About this exercise: Find how many lines in the material below hold the word "same". Reply with that figure alone.

Records for the exercise:
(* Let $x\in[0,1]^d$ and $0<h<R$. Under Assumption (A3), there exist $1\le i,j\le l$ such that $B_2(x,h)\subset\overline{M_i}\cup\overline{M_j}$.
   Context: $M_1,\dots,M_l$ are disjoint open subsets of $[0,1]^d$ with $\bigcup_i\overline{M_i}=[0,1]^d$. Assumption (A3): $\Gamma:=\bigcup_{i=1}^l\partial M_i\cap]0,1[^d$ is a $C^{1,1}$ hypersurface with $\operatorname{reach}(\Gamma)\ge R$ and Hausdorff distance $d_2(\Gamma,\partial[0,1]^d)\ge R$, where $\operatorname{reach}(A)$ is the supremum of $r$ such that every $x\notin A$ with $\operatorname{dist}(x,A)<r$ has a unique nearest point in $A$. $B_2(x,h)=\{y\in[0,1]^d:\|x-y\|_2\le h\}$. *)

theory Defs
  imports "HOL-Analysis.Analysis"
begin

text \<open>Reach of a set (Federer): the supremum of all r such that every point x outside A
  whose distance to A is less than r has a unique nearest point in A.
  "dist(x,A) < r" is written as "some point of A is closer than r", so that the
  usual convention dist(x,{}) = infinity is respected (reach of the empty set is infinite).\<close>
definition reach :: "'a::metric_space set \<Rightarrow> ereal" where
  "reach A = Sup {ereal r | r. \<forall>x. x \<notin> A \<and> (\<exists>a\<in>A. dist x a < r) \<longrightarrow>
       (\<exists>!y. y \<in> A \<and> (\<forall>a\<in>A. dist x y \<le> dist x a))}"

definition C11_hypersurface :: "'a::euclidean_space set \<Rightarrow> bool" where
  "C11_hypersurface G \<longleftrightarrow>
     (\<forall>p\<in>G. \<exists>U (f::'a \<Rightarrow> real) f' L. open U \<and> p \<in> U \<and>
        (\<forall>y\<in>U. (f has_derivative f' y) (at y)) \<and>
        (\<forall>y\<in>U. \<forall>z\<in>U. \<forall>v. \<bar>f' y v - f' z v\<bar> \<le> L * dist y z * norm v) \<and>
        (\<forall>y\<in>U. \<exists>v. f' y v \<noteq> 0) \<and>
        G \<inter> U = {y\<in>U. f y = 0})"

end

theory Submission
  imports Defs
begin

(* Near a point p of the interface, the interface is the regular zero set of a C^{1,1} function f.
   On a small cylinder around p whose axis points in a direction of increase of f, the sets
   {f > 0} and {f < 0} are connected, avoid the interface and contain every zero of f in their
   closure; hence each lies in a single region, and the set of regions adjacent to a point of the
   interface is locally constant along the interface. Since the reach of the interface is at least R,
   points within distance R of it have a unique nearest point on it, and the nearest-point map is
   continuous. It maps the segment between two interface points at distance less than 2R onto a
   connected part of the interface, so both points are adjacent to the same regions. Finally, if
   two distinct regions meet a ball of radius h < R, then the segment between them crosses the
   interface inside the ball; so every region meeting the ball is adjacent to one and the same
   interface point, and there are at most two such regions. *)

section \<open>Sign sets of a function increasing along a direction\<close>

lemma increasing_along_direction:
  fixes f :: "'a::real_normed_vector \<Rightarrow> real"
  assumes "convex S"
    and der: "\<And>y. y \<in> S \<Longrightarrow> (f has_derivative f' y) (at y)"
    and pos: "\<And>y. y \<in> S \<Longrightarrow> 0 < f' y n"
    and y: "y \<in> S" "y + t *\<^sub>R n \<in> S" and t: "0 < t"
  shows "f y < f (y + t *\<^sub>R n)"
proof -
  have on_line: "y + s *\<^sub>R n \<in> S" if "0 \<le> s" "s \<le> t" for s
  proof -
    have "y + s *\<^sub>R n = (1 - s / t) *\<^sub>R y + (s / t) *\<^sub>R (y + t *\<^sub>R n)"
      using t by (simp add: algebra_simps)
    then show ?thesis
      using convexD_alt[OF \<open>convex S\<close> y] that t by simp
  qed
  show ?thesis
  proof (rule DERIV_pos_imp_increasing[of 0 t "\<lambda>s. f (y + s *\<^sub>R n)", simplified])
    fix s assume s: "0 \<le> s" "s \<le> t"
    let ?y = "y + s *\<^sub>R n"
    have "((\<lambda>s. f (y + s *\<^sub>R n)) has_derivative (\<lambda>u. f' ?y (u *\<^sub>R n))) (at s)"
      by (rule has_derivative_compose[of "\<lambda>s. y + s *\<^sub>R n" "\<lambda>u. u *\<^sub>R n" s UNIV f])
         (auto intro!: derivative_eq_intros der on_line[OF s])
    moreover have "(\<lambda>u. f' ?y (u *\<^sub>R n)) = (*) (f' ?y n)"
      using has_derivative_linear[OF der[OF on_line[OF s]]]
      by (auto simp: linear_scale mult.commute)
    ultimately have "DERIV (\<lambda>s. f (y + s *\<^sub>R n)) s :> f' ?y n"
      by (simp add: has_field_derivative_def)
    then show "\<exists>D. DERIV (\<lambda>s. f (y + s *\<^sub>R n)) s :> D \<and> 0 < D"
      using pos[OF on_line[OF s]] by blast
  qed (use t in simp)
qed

---

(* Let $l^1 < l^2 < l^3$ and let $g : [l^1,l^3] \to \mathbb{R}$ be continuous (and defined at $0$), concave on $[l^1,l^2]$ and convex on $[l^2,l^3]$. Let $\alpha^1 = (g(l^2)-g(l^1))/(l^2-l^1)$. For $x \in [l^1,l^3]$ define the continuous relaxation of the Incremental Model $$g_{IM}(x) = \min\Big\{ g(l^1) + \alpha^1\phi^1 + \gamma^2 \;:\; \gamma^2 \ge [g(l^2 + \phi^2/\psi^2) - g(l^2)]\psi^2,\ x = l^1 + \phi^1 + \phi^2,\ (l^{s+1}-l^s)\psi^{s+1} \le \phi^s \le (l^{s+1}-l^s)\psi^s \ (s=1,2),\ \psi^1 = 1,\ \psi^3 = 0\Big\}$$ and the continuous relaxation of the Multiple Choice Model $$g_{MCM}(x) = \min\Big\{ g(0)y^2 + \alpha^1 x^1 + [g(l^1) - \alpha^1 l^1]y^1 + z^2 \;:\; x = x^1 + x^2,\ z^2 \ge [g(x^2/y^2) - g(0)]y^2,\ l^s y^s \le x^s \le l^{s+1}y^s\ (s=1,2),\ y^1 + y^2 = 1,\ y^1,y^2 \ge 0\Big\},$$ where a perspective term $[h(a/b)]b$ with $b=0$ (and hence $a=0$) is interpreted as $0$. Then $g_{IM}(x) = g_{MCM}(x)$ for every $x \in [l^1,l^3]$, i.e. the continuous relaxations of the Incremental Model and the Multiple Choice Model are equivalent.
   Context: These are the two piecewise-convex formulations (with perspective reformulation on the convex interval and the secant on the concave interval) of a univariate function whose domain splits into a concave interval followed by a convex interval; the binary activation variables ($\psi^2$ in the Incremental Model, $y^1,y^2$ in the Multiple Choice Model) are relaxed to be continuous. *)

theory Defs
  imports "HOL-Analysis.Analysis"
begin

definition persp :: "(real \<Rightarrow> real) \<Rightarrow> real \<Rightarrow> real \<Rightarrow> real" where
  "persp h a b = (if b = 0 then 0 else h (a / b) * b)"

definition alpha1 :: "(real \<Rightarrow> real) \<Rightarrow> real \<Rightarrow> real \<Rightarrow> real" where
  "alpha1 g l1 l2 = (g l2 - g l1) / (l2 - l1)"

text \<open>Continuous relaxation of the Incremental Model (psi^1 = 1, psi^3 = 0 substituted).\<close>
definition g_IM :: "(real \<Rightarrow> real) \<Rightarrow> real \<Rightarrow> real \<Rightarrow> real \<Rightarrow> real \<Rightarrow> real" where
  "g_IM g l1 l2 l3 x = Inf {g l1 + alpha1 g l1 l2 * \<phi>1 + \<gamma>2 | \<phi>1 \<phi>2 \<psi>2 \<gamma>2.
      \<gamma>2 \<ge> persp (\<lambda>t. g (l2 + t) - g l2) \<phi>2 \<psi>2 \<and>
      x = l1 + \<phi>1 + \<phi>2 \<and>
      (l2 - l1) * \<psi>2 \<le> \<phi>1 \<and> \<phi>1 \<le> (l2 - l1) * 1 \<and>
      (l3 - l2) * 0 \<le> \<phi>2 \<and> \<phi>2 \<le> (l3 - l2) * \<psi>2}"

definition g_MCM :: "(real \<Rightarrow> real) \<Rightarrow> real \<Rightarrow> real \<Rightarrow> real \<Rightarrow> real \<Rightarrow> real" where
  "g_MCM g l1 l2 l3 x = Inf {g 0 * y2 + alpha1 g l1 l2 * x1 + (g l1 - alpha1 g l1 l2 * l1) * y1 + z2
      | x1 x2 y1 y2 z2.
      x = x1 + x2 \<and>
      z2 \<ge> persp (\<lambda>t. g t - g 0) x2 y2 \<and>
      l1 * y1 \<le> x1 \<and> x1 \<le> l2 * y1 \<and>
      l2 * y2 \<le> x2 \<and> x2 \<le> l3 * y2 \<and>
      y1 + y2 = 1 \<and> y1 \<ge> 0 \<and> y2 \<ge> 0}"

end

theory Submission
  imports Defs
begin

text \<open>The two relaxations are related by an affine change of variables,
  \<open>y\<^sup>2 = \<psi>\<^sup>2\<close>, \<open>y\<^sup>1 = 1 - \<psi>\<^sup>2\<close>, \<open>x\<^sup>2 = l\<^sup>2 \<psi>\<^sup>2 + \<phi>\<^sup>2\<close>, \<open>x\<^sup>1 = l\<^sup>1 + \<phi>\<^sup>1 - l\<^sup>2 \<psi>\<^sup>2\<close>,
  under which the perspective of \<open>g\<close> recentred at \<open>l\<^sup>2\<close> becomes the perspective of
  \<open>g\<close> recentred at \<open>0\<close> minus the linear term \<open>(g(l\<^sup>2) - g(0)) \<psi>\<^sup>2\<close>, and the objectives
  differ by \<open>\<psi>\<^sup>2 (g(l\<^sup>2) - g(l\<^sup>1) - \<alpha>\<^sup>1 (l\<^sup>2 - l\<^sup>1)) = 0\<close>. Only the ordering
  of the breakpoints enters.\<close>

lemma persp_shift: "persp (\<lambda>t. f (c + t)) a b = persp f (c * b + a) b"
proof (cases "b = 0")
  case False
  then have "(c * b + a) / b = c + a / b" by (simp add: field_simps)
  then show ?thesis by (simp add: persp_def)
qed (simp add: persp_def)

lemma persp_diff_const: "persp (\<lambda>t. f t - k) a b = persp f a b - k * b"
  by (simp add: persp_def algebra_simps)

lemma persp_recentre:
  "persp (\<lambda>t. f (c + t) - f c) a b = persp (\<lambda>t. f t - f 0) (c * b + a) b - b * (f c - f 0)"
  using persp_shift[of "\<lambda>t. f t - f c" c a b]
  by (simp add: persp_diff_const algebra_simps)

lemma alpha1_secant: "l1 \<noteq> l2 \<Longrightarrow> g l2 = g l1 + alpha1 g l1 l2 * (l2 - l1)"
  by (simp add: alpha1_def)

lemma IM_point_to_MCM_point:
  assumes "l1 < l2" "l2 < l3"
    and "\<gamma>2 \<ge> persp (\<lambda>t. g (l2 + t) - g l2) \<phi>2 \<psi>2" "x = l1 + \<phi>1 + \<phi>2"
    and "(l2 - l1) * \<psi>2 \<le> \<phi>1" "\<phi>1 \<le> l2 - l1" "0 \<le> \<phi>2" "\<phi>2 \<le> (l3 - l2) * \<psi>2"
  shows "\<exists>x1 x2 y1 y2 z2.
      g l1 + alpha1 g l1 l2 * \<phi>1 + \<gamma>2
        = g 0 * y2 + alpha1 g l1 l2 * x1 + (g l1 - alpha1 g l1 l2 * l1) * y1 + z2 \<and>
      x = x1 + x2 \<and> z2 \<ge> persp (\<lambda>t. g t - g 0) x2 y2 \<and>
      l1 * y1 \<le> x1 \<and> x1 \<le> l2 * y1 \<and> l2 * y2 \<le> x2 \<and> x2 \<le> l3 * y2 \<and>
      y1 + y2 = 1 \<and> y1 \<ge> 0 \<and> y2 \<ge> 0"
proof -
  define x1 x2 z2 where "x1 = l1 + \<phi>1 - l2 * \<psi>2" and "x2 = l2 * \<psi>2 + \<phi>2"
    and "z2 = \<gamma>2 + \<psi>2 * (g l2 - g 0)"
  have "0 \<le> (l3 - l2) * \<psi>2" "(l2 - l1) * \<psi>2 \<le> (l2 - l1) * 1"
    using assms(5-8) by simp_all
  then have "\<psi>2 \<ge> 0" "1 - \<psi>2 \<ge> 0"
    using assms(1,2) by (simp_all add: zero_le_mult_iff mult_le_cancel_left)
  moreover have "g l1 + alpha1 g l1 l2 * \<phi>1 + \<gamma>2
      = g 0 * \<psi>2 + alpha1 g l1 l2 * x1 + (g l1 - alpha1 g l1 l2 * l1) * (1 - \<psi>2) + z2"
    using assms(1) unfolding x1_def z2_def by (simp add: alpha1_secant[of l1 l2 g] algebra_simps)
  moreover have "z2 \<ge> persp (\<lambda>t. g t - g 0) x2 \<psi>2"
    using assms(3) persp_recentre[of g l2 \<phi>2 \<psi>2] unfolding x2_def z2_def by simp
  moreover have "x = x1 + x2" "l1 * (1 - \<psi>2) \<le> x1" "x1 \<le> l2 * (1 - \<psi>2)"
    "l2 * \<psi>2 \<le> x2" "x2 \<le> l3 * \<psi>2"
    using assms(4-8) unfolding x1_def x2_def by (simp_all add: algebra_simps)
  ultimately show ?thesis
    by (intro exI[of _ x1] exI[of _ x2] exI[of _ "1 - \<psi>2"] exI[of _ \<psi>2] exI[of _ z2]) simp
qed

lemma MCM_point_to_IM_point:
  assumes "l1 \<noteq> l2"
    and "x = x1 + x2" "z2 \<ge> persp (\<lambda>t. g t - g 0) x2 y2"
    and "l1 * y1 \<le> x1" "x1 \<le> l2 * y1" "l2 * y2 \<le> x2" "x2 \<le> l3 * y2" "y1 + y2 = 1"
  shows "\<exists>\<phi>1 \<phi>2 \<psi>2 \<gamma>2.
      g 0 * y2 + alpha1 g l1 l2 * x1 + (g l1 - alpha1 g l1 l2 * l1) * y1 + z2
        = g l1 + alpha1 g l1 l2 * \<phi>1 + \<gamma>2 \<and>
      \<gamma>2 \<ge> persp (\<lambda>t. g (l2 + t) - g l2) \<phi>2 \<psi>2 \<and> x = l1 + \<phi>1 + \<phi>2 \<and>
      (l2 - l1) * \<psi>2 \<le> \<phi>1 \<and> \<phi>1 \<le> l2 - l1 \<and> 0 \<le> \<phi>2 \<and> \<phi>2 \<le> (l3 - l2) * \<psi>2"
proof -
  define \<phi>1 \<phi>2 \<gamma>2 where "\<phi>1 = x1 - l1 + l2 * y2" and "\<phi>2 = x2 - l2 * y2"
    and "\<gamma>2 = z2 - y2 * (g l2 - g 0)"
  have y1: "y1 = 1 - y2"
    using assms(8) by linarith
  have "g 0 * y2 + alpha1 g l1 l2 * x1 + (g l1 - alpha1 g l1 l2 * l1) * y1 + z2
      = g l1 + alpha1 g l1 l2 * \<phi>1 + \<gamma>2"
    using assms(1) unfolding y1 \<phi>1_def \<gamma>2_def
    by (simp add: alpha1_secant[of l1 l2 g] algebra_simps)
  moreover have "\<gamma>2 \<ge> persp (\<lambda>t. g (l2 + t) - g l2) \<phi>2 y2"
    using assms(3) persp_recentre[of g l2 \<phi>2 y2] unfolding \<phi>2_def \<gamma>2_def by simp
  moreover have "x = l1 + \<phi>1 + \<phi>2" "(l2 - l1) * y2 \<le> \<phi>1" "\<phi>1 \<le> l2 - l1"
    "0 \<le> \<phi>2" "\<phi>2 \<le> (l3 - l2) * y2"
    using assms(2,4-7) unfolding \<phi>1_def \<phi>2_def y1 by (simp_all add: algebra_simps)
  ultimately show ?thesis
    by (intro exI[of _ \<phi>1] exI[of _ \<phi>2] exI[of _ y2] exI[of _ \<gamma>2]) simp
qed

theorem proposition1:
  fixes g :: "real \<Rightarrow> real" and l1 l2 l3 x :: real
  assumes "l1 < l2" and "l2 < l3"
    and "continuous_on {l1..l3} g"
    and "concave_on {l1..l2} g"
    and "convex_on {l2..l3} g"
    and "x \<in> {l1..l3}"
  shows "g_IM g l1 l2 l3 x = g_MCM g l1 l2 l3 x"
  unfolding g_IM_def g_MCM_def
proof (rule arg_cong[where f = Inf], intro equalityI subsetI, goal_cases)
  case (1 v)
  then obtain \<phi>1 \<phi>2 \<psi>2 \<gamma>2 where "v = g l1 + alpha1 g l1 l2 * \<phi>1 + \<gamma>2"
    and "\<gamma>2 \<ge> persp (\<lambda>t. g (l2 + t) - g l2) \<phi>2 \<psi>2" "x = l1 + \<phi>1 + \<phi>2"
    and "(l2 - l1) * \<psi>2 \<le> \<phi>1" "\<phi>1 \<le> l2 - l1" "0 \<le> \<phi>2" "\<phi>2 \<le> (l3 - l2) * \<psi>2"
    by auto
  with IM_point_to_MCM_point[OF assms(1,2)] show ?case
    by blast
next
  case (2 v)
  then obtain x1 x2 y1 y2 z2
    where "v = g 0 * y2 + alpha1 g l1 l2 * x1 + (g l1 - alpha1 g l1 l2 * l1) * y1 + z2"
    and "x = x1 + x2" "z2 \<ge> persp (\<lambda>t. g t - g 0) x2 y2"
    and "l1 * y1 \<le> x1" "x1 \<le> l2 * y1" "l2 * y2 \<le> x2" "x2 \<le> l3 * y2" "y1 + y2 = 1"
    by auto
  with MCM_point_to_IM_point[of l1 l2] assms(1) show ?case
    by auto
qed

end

Your solution: 2